• **DATA RECORDS**:
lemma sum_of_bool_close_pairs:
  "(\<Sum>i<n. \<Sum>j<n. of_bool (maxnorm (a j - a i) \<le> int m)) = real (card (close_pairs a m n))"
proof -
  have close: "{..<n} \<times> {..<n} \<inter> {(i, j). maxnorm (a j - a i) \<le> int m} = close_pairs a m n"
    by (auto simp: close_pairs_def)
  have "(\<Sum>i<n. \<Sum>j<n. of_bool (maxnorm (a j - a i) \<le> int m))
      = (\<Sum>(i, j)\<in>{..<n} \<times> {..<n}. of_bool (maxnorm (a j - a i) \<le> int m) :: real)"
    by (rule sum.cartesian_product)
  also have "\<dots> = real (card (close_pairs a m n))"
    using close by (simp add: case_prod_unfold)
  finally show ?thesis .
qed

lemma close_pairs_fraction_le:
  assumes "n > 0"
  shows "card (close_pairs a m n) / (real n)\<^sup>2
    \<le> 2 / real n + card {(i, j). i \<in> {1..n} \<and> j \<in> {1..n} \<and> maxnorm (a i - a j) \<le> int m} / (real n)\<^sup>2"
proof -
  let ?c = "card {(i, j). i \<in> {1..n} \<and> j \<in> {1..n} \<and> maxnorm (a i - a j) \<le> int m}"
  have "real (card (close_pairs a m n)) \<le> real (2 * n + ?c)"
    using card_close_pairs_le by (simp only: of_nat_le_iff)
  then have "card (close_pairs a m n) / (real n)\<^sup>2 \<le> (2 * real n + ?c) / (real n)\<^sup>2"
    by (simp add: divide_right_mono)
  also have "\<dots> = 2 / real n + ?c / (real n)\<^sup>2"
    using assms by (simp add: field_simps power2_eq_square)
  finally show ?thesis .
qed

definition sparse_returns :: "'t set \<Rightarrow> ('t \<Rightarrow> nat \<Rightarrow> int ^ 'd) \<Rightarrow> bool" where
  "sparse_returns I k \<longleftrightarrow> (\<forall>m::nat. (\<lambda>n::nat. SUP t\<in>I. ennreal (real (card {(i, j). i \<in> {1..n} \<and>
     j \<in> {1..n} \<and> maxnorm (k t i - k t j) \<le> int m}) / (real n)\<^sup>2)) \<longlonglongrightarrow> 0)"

• **ASSIGNMENT**: The records above are to be transcribed exactly, with nothing left out.

• **YOUR SOLUTION**:
lemma sum_of_bool_close_pairs:
  "(\<Sum>i<n. \<Sum>j<n. of_bool (maxnorm (a j - a i) \<le> int m)) = real (card (close_pairs a m n))"
proof -
  have close: "{..<n} \<times> {..<n} \<inter> {(i, j). maxnorm (a j - a i) \<le> int m} = close_pairs a m n"
    by (auto simp: close_pairs_def)
  have "(\<Sum>i<n. \<Sum>j<n. of_bool (maxnorm (a j - a i) \<le> int m))
      = (\<Sum>(i, j)\<in>{..<n} \<times> {..<n}. of_bool (maxnorm (a j - a i) \<le> int m) :: real)"
    by (rule sum.cartesian_product)
  also have "\<dots> = real (card (close_pairs a m n))"
    using close by (simp add: case_prod_unfold)
  finally show ?thesis .
qed

lemma close_pairs_fraction_le:
  assumes "n > 0"
  shows "card (close_pairs a m n) / (real n)\<^sup>2
    \<le> 2 / real n + card {(i, j). i \<in> {1..n} \<and> j \<in> {1..n} \<and> maxnorm (a i - a j) \<le> int m} / (real n)\<^sup>2"
proof -
  let ?c = "card {(i, j). i \<in> {1..n} \<and> j \<in> {1..n} \<and> maxnorm (a i - a j) \<le> int m}"
  have "real (card (close_pairs a m n)) \<le> real (2 * n + ?c)"
    using card_close_pairs_le by (simp only: of_nat_le_iff)
  then have "card (close_pairs a m n) / (real n)\<^sup>2 \<le> (2 * real n + ?c) / (real n)\<^sup>2"
    by (simp add: divide_right_mono)
  also have "\<dots> = 2 / real n + ?c / (real n)\<^sup>2"
    using assms by (simp add: field_simps power2_eq_square)
  finally show ?thesis .
qed

definition sparse_returns :: "'t set \<Rightarrow> ('t \<Rightarrow> nat \<Rightarrow> int ^ 'd) \<Rightarrow> bool" where
  "sparse_returns I k \<longleftrightarrow> (\<forall>m::nat. (\<lambda>n::nat. SUP t\<in>I. ennreal (real (card {(i, j). i \<in> {1..n} \<and>
     j \<in> {1..n} \<and> maxnorm (k t i - k t j) \<le> int m}) / (real n)\<^sup>2)) \<longlonglongrightarrow> 0)"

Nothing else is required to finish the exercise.